- Task statement: Your output should be the lines from the start of the data through the line containing "r * z))) has_laurent_expansion", exactly and nothing more.

- Saved entries:
◇ ◇ ◇

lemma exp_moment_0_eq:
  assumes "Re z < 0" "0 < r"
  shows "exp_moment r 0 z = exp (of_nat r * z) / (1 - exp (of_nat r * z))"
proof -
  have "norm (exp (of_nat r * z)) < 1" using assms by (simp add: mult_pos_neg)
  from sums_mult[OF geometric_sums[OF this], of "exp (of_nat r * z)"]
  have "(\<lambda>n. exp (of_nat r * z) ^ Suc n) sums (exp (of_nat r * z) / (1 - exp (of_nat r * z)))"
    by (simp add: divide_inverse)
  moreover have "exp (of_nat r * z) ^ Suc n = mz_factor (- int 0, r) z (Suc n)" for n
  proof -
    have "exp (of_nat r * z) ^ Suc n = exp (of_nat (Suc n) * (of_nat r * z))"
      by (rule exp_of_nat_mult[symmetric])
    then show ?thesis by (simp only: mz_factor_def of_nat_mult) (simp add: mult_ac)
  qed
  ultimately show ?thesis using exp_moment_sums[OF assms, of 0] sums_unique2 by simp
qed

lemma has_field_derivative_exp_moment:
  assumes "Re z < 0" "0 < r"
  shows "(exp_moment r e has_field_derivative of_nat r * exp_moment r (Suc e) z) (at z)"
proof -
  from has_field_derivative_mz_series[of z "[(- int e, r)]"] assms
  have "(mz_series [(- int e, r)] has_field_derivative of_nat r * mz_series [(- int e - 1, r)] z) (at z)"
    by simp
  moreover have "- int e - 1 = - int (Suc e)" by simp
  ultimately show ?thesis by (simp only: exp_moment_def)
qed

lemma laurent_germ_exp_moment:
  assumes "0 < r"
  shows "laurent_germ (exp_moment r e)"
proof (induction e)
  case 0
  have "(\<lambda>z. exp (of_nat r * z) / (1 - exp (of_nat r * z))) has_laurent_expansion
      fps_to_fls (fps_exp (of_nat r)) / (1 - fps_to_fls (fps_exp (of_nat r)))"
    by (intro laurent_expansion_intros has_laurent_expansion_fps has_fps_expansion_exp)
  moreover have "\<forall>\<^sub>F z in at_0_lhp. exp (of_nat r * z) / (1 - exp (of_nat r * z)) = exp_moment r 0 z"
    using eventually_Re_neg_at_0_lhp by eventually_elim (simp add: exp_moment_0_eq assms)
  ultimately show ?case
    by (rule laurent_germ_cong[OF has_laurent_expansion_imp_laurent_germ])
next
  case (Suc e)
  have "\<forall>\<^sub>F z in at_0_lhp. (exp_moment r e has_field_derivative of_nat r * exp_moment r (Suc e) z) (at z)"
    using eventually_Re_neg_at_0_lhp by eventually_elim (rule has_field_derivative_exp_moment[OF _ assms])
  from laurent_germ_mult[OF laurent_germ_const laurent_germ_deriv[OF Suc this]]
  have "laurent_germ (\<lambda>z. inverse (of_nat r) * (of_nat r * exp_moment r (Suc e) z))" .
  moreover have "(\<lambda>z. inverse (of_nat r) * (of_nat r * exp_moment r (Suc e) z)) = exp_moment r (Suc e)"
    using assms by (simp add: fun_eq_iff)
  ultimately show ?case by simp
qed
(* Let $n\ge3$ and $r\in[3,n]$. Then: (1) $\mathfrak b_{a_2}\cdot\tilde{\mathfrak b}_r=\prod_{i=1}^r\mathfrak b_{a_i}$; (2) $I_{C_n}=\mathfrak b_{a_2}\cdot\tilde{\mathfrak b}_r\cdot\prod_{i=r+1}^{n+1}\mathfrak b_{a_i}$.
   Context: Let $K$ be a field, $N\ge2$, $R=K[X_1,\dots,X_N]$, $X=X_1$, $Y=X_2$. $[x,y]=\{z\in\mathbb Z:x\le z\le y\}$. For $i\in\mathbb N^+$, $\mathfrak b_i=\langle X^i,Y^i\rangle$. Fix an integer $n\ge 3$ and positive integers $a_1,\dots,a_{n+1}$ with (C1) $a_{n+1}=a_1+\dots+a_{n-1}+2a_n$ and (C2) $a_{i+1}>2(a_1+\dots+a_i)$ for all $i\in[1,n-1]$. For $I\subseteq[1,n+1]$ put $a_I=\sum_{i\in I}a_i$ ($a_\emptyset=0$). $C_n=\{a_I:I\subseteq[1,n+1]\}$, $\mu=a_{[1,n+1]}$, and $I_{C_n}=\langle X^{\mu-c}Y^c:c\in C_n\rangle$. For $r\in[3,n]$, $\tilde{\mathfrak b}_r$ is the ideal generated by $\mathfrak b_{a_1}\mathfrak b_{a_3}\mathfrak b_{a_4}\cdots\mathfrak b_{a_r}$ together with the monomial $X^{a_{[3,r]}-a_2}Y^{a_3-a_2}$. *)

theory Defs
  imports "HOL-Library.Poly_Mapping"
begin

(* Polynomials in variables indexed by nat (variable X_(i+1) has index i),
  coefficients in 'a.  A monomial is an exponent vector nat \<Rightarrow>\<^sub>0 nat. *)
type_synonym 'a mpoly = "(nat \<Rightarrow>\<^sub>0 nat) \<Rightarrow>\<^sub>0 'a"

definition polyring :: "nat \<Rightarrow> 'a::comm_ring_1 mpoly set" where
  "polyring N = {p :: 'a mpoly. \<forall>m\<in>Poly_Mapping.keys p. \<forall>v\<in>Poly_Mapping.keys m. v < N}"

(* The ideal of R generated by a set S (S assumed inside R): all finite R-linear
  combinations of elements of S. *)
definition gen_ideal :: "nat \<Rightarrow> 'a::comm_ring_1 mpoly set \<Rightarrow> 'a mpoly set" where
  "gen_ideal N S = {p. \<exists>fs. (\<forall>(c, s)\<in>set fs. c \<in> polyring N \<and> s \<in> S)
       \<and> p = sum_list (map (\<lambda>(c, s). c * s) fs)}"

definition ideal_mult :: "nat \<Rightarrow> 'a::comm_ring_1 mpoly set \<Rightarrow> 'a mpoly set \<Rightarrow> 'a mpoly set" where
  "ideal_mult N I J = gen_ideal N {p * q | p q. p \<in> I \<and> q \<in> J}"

◇ ◇ ◇

- Answer box:
lemma exp_moment_0_eq:
  assumes "Re z < 0" "0 < r"
  shows "exp_moment r 0 z = exp (of_nat r * z) / (1 - exp (of_nat r * z))"
proof -
  have "norm (exp (of_nat r * z)) < 1" using assms by (simp add: mult_pos_neg)
  from sums_mult[OF geometric_sums[OF this], of "exp (of_nat r * z)"]
  have "(\<lambda>n. exp (of_nat r * z) ^ Suc n) sums (exp (of_nat r * z) / (1 - exp (of_nat r * z)))"
    by (simp add: divide_inverse)
  moreover have "exp (of_nat r * z) ^ Suc n = mz_factor (- int 0, r) z (Suc n)" for n
  proof -
    have "exp (of_nat r * z) ^ Suc n = exp (of_nat (Suc n) * (of_nat r * z))"
      by (rule exp_of_nat_mult[symmetric])
    then show ?thesis by (simp only: mz_factor_def of_nat_mult) (simp add: mult_ac)
  qed
  ultimately show ?thesis using exp_moment_sums[OF assms, of 0] sums_unique2 by simp
qed

lemma has_field_derivative_exp_moment:
  assumes "Re z < 0" "0 < r"
  shows "(exp_moment r e has_field_derivative of_nat r * exp_moment r (Suc e) z) (at z)"
proof -
  from has_field_derivative_mz_series[of z "[(- int e, r)]"] assms
  have "(mz_series [(- int e, r)] has_field_derivative of_nat r * mz_series [(- int e - 1, r)] z) (at z)"
    by simp
  moreover have "- int e - 1 = - int (Suc e)" by simp
  ultimately show ?thesis by (simp only: exp_moment_def)
qed

lemma laurent_germ_exp_moment:
  assumes "0 < r"
  shows "laurent_germ (exp_moment r e)"
proof (induction e)
  case 0
  have "(\<lambda>z. exp (of_nat r * z) / (1 - exp (of_nat r * z))) has_laurent_expansion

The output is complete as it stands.